Powerhouse UK insurer Direct Line has scrapped its plan to offload part of its pension liabilities following the central bank’s interest rate cut and Britain’s decision to leave the European Union.
Direct Line, one the biggest insurance firms in the UK, had been negotiating with an external investor to hand over part of its defined benefit retirement scheme,
Sky News reported. The talks were held until the historic EU referendum in June.
However, company executives concluded in recent weeks that the costs of pursuing the deal outweighed the projected benefits, according to the report.
Insider sources told
Sky News that the Brexit vote, the resulting market volatility and monetary policy decisions also affected Direct Line’s move to abort the planned offloading of its pension scheme.

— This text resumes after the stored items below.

(* Let $(P_n(x))_{n \ge 0}$ be a splitting sequence with binary string $s_0 s_1 s_2 \ldots$, and let $m \in \mathbb{N}_0$ be such that $P_m(x)$ is irreducible in $\mathbb{Z}[x]$. Then for every $k \in \mathbb{N}_0$, $P_{m+k}(x)$ divides $P_m(x^{2^\ell})$ in $\mathbb{Z}[x]$, where $\ell = |\{ i \in \{m, \dots, m+k-1\} : s_i = L\}|$.
   Context: Splitting sequence of an irreducible $P \in \mathbb{Z}[x]$: a sequence $(P_n)_{n \ge 0}$ in $\mathbb{Z}[x]$ with $P_0 = P$ such that for each $n$: if $P_n$ is irreducible in $\mathbb{Z}[x]$, then $P_{n+1}(x) = P_n(x^2)$; if $P_n$ is reducible, then (as $n \ge 1$, $P_{n-1}$ is irreducible and $P_n(x) = P_{n-1}(x^2)$ factors in $\mathbb{Z}[x]$ as a product of exactly two irreducibles) $P_{n+1}$ is one of these two irreducible factors. Its binary string is $s_0 s_1 \ldots$ with $s_n = L$ if $P_n$ is irreducible and $s_n = S$ otherwise. *)

theory Defs
  imports "HOL-Computational_Algebra.Polynomial_Factorial"
begin

definition sq_subst :: "int poly \<Rightarrow> int poly" where
  "sq_subst p = pcompose p (monom 1 2)"

definition splitting_seq :: "(nat \<Rightarrow> int poly) \<Rightarrow> bool" where
  "splitting_seq P \<longleftrightarrow> irreducible (P 0) \<and>
     (\<forall>n. (irreducible (P n) \<longrightarrow> P (Suc n) = sq_subst (P n)) \<and>
          (\<not> irreducible (P n) \<longrightarrow>
             (\<exists>A B. irreducible A \<and> irreducible B \<and> P n = A * B \<and>
                    (P (Suc n) = A \<or> P (Suc n) = B))))"

datatype letter = L | S

definition split_string :: "(nat \<Rightarrow> int poly) \<Rightarrow> nat \<Rightarrow> letter" where
  "split_string P n = (if irreducible (P n) then L else S)"

end

theory Submission
  imports Defs
begin

text \<open>Each step of a splitting sequence either substitutes \<open>x \<mapsto> x^2\<close> (at an \<open>L\<close>)
  or passes to a factor (at an \<open>S\<close>). Substitution preserves divisibility, and the
  \<open>\<ell>\<close> substitutions compose to the single substitution \<open>x \<mapsto> x^(2^\<ell>)\<close>.\<close>

lemma pcompose_monom_monom:
  "pcompose (monom (1::'a::comm_semiring_1) a) (monom 1 b) = monom 1 (a * b)"
proof (induction a)
  case 0
  then show ?case by (simp add: one_pCons)
next
  case (Suc a)
  have "pcompose (monom (1::'a) (Suc a)) (monom 1 b) = monom 1 b * monom 1 (a * b)"
    by (simp add: monom_Suc pcompose_pCons Suc)
  then show ?case by (simp add: mult_monom add.commute)
qed

lemma pcompose_dvd_pcompose:
  fixes p q r :: "'a::comm_semiring_1 poly"
  assumes "p dvd q"
  shows "pcompose p r dvd pcompose q r"
  using assms by (metis dvdE dvd_triv_left pcompose_mult)

lemma card_filter_atLeastLessThan_Suc:
  "card {i \<in> {m..<m + Suc k}. Q i} = card {i \<in> {m..<m + k}. Q i} + (if Q (m + k) then 1 else 0)"
proof -
  have "{i \<in> {m..<m + Suc k}. Q i} =
      (if Q (m + k) then insert (m + k) {i \<in> {m..<m + k}. Q i} else {i \<in> {m..<m + k}. Q i})"
    by (auto simp: less_Suc_eq)
  then show ?thesis by simp
qed

lemma dvd_pcompose_monom_power_count:
  fixes P :: "nat \<Rightarrow> 'a::comm_semiring_1 poly" and Q :: "nat \<Rightarrow> bool"
  assumes subst: "\<And>n. Q n \<Longrightarrow> P (Suc n) dvd pcompose (P n) (monom 1 2)"
    and factor: "\<And>n. \<not> Q n \<Longrightarrow> P (Suc n) dvd P n"
  shows "P (m + k) dvd pcompose (P m) (monom 1 (2 ^ card {i \<in> {m..<m + k}. Q i}))"
proof (induction k)
  case 0
  have "monom (1::'a) 1 = [:0, 1:]"
    by (simp add: monom_Suc one_pCons)
  then show ?case by simp
next
  case (Suc k)
  define l where "l = card {i \<in> {m..<m + k}. Q i}"
  have IH: "P (m + k) dvd pcompose (P m) (monom 1 (2 ^ l))"
    using Suc.IH by (simp add: l_def)
  show ?case
  proof (cases "Q (m + k)")
    case True
    have "P (Suc (m + k)) dvd pcompose (pcompose (P m) (monom 1 (2 ^ l))) (monom 1 2)"
      using subst[OF True] pcompose_dvd_pcompose[OF IH] by (rule dvd_trans)
    also have "\<dots> = pcompose (P m) (monom 1 (2 ^ Suc l))"
      by (simp add: pcompose_assoc[symmetric] pcompose_monom_monom mult.commute)
    finally show ?thesis
      using True unfolding card_filter_atLeastLessThan_Suc l_def by simp
  next
    case False
    then show ?thesis
      using factor[OF False] IH dvd_trans unfolding card_filter_atLeastLessThan_Suc l_def by auto
  qed
qed

lemma splitting_seq_Suc_irreducible:
  assumes "splitting_seq P" and "irreducible (P n)"
  shows "P (Suc n) = pcompose (P n) (monom 1 2)"
  using assms by (simp add: splitting_seq_def sq_subst_def)

lemma splitting_seq_Suc_dvd_reducible:
  assumes "splitting_seq P" and "\<not> irreducible (P n)"
  shows "P (Suc n) dvd P n"
proof -
  obtain A B where "P n = A * B" and "P (Suc n) = A \<or> P (Suc n) = B"
    using assms unfolding splitting_seq_def by blast
  then show ?thesis by auto
qed

theorem lemma3p14:
  fixes P :: "nat \<Rightarrow> int poly" and m k :: nat
  assumes "splitting_seq P"
    and "irreducible (P m)"
  shows "P (m + k) dvd
           pcompose (P m)
             (monom 1 (2 ^ card {i \<in> {m..<m + k}. split_string P i = L}))"
proof (rule dvd_pcompose_monom_power_count)
  fix n
  show "split_string P n = L \<Longrightarrow> P (Suc n) dvd pcompose (P n) (monom 1 2)"
    using splitting_seq_Suc_irreducible[OF assms(1)] by (simp add: split_string_def split: if_splits)
  show "split_string P n \<noteq> L \<Longrightarrow> P (Suc n) dvd P n"
    using splitting_seq_Suc_dvd_reducible[OF assms(1)] by (simp add: split_string_def split: if_splits)
qed

end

The pensions that were under discussion at Direct Line were part of a defined benefit scheme that dated back to when the insurance firm was still wholly owned by Royal Bank of Scotland.
The latest news on Direct Line followed the company’s announcement of its half-year financial results two weeks ago.
The insurer reported a 5.2% decline in pre-tax profits as the introduction of Flood Re impacted the business.
Pre-tax profits fell from £315 million to £298.5 million while operating profits also went down to £323.6 million.
Direct Line’s gross written premiums, however, rose by 3.9% to £1.6 billion.